## What needs to be done
Whenever a line in the records below contains "fixes", pick it out.

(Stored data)
--- --- ---

(* Let $\mathcal{S}\in\mathscr{W}$ be $C^3$-smooth with an isolated umbilic point at $\theta=0$, and let $\alpha\in\mathbb{R}$. Then (1) if $\mu_0>\alpha+1$, then $\lim_{\theta\to0}\frac{s(\theta)}{\sin^\alpha\theta}=0$; (2) if $\mu_0<\alpha+1$, then $\lim_{\theta\to0}\frac{s(\theta)}{\sin^\alpha\theta}=\pm\infty$. If $\mathcal{S}$ has an isolated umbilic point at $\theta=\pi$, then the value of $\mu_\pi$ dictates the behaviour of $s/\sin^\alpha\theta$ as $\theta\to\pi$ in the same way.
   Context: $\mathscr{W}$ is the set of embedded $C^2$-smooth topological 2-spheres in $\mathbb{R}^3$ that are rotationally symmetric and strictly convex. A surface in $\mathscr{W}$ is parametrised by the inverse Gauss map with $\theta\in[0,\pi]$ the angle between the outward normal and the symmetry axis ($\theta=0,\pi$ are the poles). With support function $r(\theta)=\vec X\cdot\hat n$, the radii of curvature are $r_1=\frac{\cos^2\theta}{\sin\theta}\frac{d}{d\theta}\left(\frac{r}{\cos\theta}\right)$, $r_2=r''+r$, and the astigmatism is $s=r_2-r_1$; umbilic points are where $s=0$. The umbilic slopes are $\mu_0=\lim_{\theta\to0}\frac{r_2(\theta)-r_2(0)}{r_1(\theta)-r_1(0)}$ and $\mu_\pi=\lim_{\theta\to\pi}\frac{r_2(\theta)-r_2(\pi)}{r_1(\theta)-r_1(\pi)}$. *)

theory Defs
  imports "HOL-Analysis.Analysis"
begin

text \<open>A rotationally symmetric strictly convex sphere is described by its support
function r(theta), theta in [0,pi] the angle between the outward normal and the axis.
C^3-smoothness of the surface, together with smoothness at the poles, is encoded by
requiring that r extends to a C^3 function on the real line which is even about
theta = 0 and about theta = pi (the smooth extension through the poles).\<close>

definition C3_real :: "(real \<Rightarrow> real) \<Rightarrow> bool" where
  "C3_real f \<longleftrightarrow>
     (\<forall>x. f differentiable at x) \<and>
     (\<forall>x. deriv f differentiable at x) \<and>
     (\<forall>x. deriv (deriv f) differentiable at x) \<and>
     continuous_on UNIV (deriv (deriv (deriv f)))"

text \<open>Radii of curvature. r2 = r'' + r. The paper's
r1 = cos^2/sin * d/dtheta (r / cos) equals r + r' cos / sin away from the poles;
at the poles (sin = 0) r1 is defined as its limit value r'' + r.\<close>

definition radius2 :: "(real \<Rightarrow> real) \<Rightarrow> real \<Rightarrow> real" where
  "radius2 r \<theta> = deriv (deriv r) \<theta> + r \<theta>"

definition radius1 :: "(real \<Rightarrow> real) \<Rightarrow> real \<Rightarrow> real" where
  "radius1 r \<theta> = (if sin \<theta> = 0 then radius2 r \<theta>
                    else r \<theta> + deriv r \<theta> * cos \<theta> / sin \<theta>)"

definition astig :: "(real \<Rightarrow> real) \<Rightarrow> real \<Rightarrow> real" where
  "astig r \<theta> = radius2 r \<theta> - radius1 r \<theta>"

definition in_W3 :: "(real \<Rightarrow> real) \<Rightarrow> bool" where
  "in_W3 r \<longleftrightarrow> C3_real r \<and>
     (\<forall>\<theta>. r (- \<theta>) = r \<theta>) \<and>
     (\<forall>\<theta>. r (pi + \<theta>) = r (pi - \<theta>)) \<and>
     (\<forall>\<theta>\<in>{0..pi}. radius1 r \<theta> > 0 \<and> radius2 r \<theta> > 0)"

definition isolated_umbilic_0 :: "(real \<Rightarrow> real) \<Rightarrow> bool" where
  "isolated_umbilic_0 r \<longleftrightarrow> astig r 0 = 0 \<and>
     (\<exists>e>0. \<forall>\<theta>. 0 < \<theta> \<and> \<theta> < e \<longrightarrow> astig r \<theta> \<noteq> 0)"

definition isolated_umbilic_pi :: "(real \<Rightarrow> real) \<Rightarrow> bool" where
  "isolated_umbilic_pi r \<longleftrightarrow> astig r pi = 0 \<and>
     (\<exists>e>0. \<forall>\<theta>. pi - e < \<theta> \<and> \<theta> < pi \<longrightarrow> astig r \<theta> \<noteq> 0)"

definition umbilic_slope_0 :: "(real \<Rightarrow> real) \<Rightarrow> ereal \<Rightarrow> bool" where
  "umbilic_slope_0 r \<mu> \<longleftrightarrow>
     ((\<lambda>\<theta>. ereal ((radius2 r \<theta> - radius2 r 0) / (radius1 r \<theta> - radius1 r 0)))
        \<longlongrightarrow> \<mu>) (at_right 0)"

definition umbilic_slope_pi :: "(real \<Rightarrow> real) \<Rightarrow> ereal \<Rightarrow> bool" where
  "umbilic_slope_pi r \<mu> \<longleftrightarrow>
     ((\<lambda>\<theta>. ereal ((radius2 r \<theta> - radius2 r pi) / (radius1 r \<theta> - radius1 r pi)))
        \<longlongrightarrow> \<mu>) (at_left pi)"

end

(*
  Put F = r1 - r1(0) and G = r2 - r2(0), so that s = G - F and the Codazzi equation reads
  F' = s cot theta.  Near an isolated umbilic s has a sign; say s > 0.  Then F increases from 0,
  and (ln F - (beta - 1) ln sin theta)' = cot theta (G/F - beta).  Hence, for beta on either side
  of the umbilic slope mu = lim G/F, F is bounded above or below by a multiple of
  sin^(beta - 1) theta, and s = F (G/F - 1) inherits the bound: s / sin^alpha theta tends to
  infinity if mu < alpha + 1 and to 0 if alpha + 1 < mu < infinity.  Since G is Lipschitz, s
  cannot drop by more than half on an interval of length min(theta/2, s/(2L)) to the left of
  theta; integrating F' over that interval bounds s(theta)^2 and theta s(theta) by multiples of
  sin^beta theta, which settles mu = infinity.  The same Lipschitz bound gives F < G = O(theta),
  which excludes mu = 1.  The pole theta = pi is reduced to theta = 0 by reflecting r.
*)
theory Submission
  imports Defs "HOL-Real_Asymp.Real_Asymp"
begin

definition sin_power_dichotomy :: "(real \<Rightarrow> real) \<Rightarrow> real filter \<Rightarrow> ereal \<Rightarrow> real \<Rightarrow> bool" where
  "sin_power_dichotomy f F \<mu> \<alpha> \<longleftrightarrow>
     (\<mu> > ereal (\<alpha> + 1) \<longrightarrow> ((\<lambda>\<theta>. f \<theta> / sin \<theta> powr \<alpha>) \<longlongrightarrow> 0) F) \<and>
     (\<mu> < ereal (\<alpha> + 1) \<longrightarrow>
        filterlim (\<lambda>\<theta>. f \<theta> / sin \<theta> powr \<alpha>) at_top F \<or>
        filterlim (\<lambda>\<theta>. f \<theta> / sin \<theta> powr \<alpha>) at_bot F)"

lemma sin_power_dichotomy_uminus:
  "sin_power_dichotomy (\<lambda>\<theta>. - f \<theta>) F \<mu> \<alpha> \<longleftrightarrow> sin_power_dichotomy f F \<mu> \<alpha>"
proof -
  let ?q = "\<lambda>\<theta>. f \<theta> / sin \<theta> powr \<alpha>"
  have q: "(\<lambda>\<theta>. - f \<theta> / sin \<theta> powr \<alpha>) = (\<lambda>\<theta>. - ?q \<theta>)"
    by simp
  have "((\<lambda>\<theta>. - ?q \<theta>) \<longlongrightarrow> 0) F \<longleftrightarrow> (?q \<longlongrightarrow> 0) F"
    using tendsto_minus_cancel_left[of ?q 0 F] by simp
  moreover have "filterlim (\<lambda>\<theta>. - ?q \<theta>) at_top F \<longleftrightarrow> filterlim ?q at_bot F"
    by (simp add: filterlim_uminus_at_bot)
  moreover have "filterlim (\<lambda>\<theta>. - ?q \<theta>) at_bot F \<longleftrightarrow> filterlim ?q at_top F"
    by (simp add: filterlim_uminus_at_top)
  ultimately show ?thesis
    unfolding sin_power_dichotomy_def q by blast
qed

lemma filterlim_at_left_reflect:
  "filterlim h F (at_left a) \<longleftrightarrow> filterlim (\<lambda>\<theta>. h (a - \<theta>)) F (at_right (0::real))"
  unfolding filterlim_at_left_to_right[of h F a] filterlim_at_right_to_0[of _ F "- a"]
  by simp

lemma sin_power_dichotomy_at_left_pi_iff:
  "sin_power_dichotomy f (at_left pi) \<mu> \<alpha> \<longleftrightarrow>
   sin_power_dichotomy (\<lambda>\<theta>. f (pi - \<theta>)) (at_right 0) \<mu> \<alpha>"
  unfolding sin_power_dichotomy_def filterlim_at_left_reflect[of "\<lambda>\<theta>. f \<theta> / sin \<theta> powr \<alpha>"]
  by simp

lemma continuous_on_nonzero_sign_cases:
  fixes f :: "'a::topological_space \<Rightarrow> real"
  assumes "connected S" "continuous_on S f" "\<And>x. x \<in> S \<Longrightarrow> f x \<noteq> 0"
  shows "(\<forall>x\<in>S. 0 < f x) \<or> (\<forall>x\<in>S. f x < 0)"
proof (rule ccontr)
  assume "\<not> ?thesis"
  then obtain x y where "x \<in> S" "y \<in> S" "f x < 0" "0 < f y"
    using assms(3) by (meson linorder_neqE_linordered_idom)
  moreover have "connected (f ` S)"
    using assms(2,1) by (rule connected_continuous_image)
  ultimately have "0 \<in> f ` S"
    unfolding connected_iff_interval by (meson image_eqI less_imp_le)
  then show False
    using assms(3) by (metis imageE)
qed

lemma DERIV_reflect:
  assumes "(f has_real_derivative f') (at (a - x))"
  shows "((\<lambda>\<theta>. f (a - \<theta>)) has_real_derivative - f') (at x)"
  using DERIV_chain2[OF assms DERIV_diff[OF DERIV_const DERIV_ident]] by simp

lemma deriv_reflect:
  assumes "\<And>x. (f has_real_derivative f' x) (at x)"
  shows "deriv (\<lambda>\<theta>. f (a - \<theta>)) = (\<lambda>x. - f' (a - x))"
  using DERIV_reflect[OF assms] by (intro ext DERIV_imp_deriv)

lemma deriv_zero_if_even:
  assumes "\<And>x. f (- x) = f x" "(f has_real_derivative f') (at 0)"
  shows "f' = 0"
proof -
  have "((\<lambda>x. f (- x)) has_real_derivative - f') (at 0)"
    using assms(2) DERIV_mirror[where f=f and x=0 and y=f'] by simp
  then have "(f has_real_derivative - f') (at 0)"
    by (simp add: assms(1))
  with assms(2) have "f' = - f'"
    by (rule DERIV_unique)
  then show ?thesis
    by simp
qed

lemma cos_1_pos: "0 < cos (1::real)"
  using cos_gt_zero[of 1] pi_gt3 by simp

section \<open>Radii near an umbilic\<close>

text \<open>\<open>F\<close> and \<open>G\<close> stand for \<open>\<sigma> (r\<^sub>1 - r\<^sub>1(0))\<close> and \<open>\<sigma> (r\<^sub>2 - r\<^sub>2(0))\<close>,
  with a sign \<open>\<sigma>\<close> making the astigmatism \<open>G - F\<close> positive near \<open>0\<close>;
  \<open>F_deriv\<close> is the Codazzi equation.\<close>

locale umbilic_radii =
  fixes F G :: "real \<Rightarrow> real" and e L :: real
  assumes e: "0 < e" "e \<le> 1"
    and F_deriv: "\<And>x. 0 < x \<Longrightarrow> x < e \<Longrightarrow> (F has_real_derivative (G x - F x) * cos x / sin x) (at x)"
    and F_less_G: "\<And>x. 0 < x \<Longrightarrow> x < e \<Longrightarrow> F x < G x"
    and G_lipschitz: "L-lipschitz_on {0<..<e} G"
    and L_pos: "0 < L"
    and F_tendsto: "(F \<longlongrightarrow> 0) (at_right 0)"
    and G_tendsto: "(G \<longlongrightarrow> 0) (at_right 0)"
begin

lemma eventually_in_domain: "\<forall>\<^sub>F x in at_right 0. 0 < x \<and> x < e"
  using e by (intro eventually_at_rightI[of 0 e]) auto

lemma sin_cos_bounds:
  assumes "0 < x" "x < e"
  shows "0 < sin x" "sin x \<le> 1" "cos 1 \<le> cos x"
proof -
  have "x < pi" "x \<le> 1"
    using assms e pi_gt3 by linarith+
  then show "0 < sin x" "sin x \<le> 1" "cos 1 \<le> cos x"
    using assms pi_gt3 by (auto intro: sin_gt_zero cos_monotone_0_pi_le)
qed

lemma sin_mono:
  assumes "0 < y" "y \<le> x" "x < e"
  shows "sin y \<le> sin x"
  using assms e pi_gt3 by (intro sin_monotone_2pi_le) auto

lemma F_strict_mono:
  assumes "0 < x" "x < y" "y < e"
  shows "F x < F y"
proof (rule DERIV_pos_imp_increasing[OF assms(2)])
  fix z assume "x \<le> z" "z \<le> y"
  then have z: "0 < z" "z < e"
    using assms by linarith+
  have "0 < (G z - F z) * cos z / sin z"
    using F_less_G[OF z] sin_cos_bounds[OF z] cos_1_pos by auto
  then show "\<exists>d. (F has_real_derivative d) (at z) \<and> 0 < d"
    using F_deriv[OF z] by blast
qed

lemma F_pos:
  assumes "0 < x" "x < e"
  shows "0 < F x"
proof -
  have "\<forall>\<^sub>F y in at_right 0. F y \<le> F (x / 2)"
    using assms by (intro eventually_at_rightI[of 0 "x / 2"]) (auto intro!: less_imp_le F_strict_mono)
  then have "0 \<le> F (x / 2)"
    using F_tendsto by (intro tendsto_upperbound) auto
  also have "F (x / 2) < F x"
    using assms by (intro F_strict_mono) auto
  finally show ?thesis .
qed

lemma ratio_gt_1:
  assumes "0 < x" "x < e"
  shows "1 < G x / F x"
  using F_less_G[OF assms] F_pos[OF assms] by simp

lemma G_diff_le:
  assumes "0 < x" "x < e" "0 < y" "y < e"
  shows "\<bar>G x - G y\<bar> \<le> L * \<bar>x - y\<bar>"
  using lipschitz_onD[OF G_lipschitz, of x y] assms by (simp add: dist_real_def)

lemma G_le_linear:
  assumes "0 < x" "x < e"
  shows "G x \<le> L * x"
proof (rule tendsto_lowerbound)
  show "((\<lambda>y. G y + L * (x - y)) \<longlongrightarrow> L * x) (at_right 0)"
    by (auto intro!: tendsto_eq_intros G_tendsto)
  show "\<forall>\<^sub>F y in at_right 0. G x \<le> G y + L * (x - y)"
  proof (rule eventually_at_rightI[of 0 x])
    fix y assume "y \<in> {0<..<x}"
    then show "G x \<le> G y + L * (x - y)"
      using G_diff_le[of x y] assms by auto
  qed (use assms in simp)
qed simp

lemma log_ratio_has_derivative:
  assumes "0 < x" "x < e"
  shows "((\<lambda>z. ln (F z) - (\<beta> - 1) * ln (sin z)) has_real_derivative
           cos x / sin x * (G x / F x - \<beta>)) (at x)"
proof -
  have F: "0 < F x" and sin: "0 < sin x"
    using F_pos[OF assms] sin_cos_bounds[OF assms] by auto
  have "((\<lambda>z. ln (F z) - (\<beta> - 1) * ln (sin z)) has_real_derivative
           1 / F x * ((G x - F x) * cos x / sin x) - (\<beta> - 1) * (1 / sin x * cos x)) (at x)"
    by (intro DERIV_diff DERIV_cmult DERIV_chain2[OF DERIV_ln_divide] F_deriv assms F sin DERIV_sin)
  moreover have "1 / F x * ((G x - F x) * cos x / sin x) - (\<beta> - 1) * (1 / sin x * cos x)
      = cos x / sin x * (G x / F x - \<beta>)"
    using F sin by (simp add: field_simps)
  ultimately show ?thesis
    by simp
qed

lemma F_over_sin_powr_eq_exp:
  assumes "0 < x" "x < e"
  shows "F x / sin x powr (\<beta> - 1) = exp (ln (F x) - (\<beta> - 1) * ln (sin x))"
  using F_pos[OF assms] sin_cos_bounds[OF assms] by (simp add: powr_def exp_diff)

lemma continuous_on_log_ratio:
  assumes "0 < x" "y < e"
  shows "continuous_on {x..y} (\<lambda>z. ln (F z) - (\<beta> - 1) * ln (sin z))"
  using assms
  by (intro continuous_at_imp_continuous_on ballI DERIV_isCont[OF log_ratio_has_derivative]) auto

--- --- ---

## Written response
  fixes f :: "'a::topological_space \<Rightarrow> real"
  fixes F G :: "real \<Rightarrow> real" and e L :: real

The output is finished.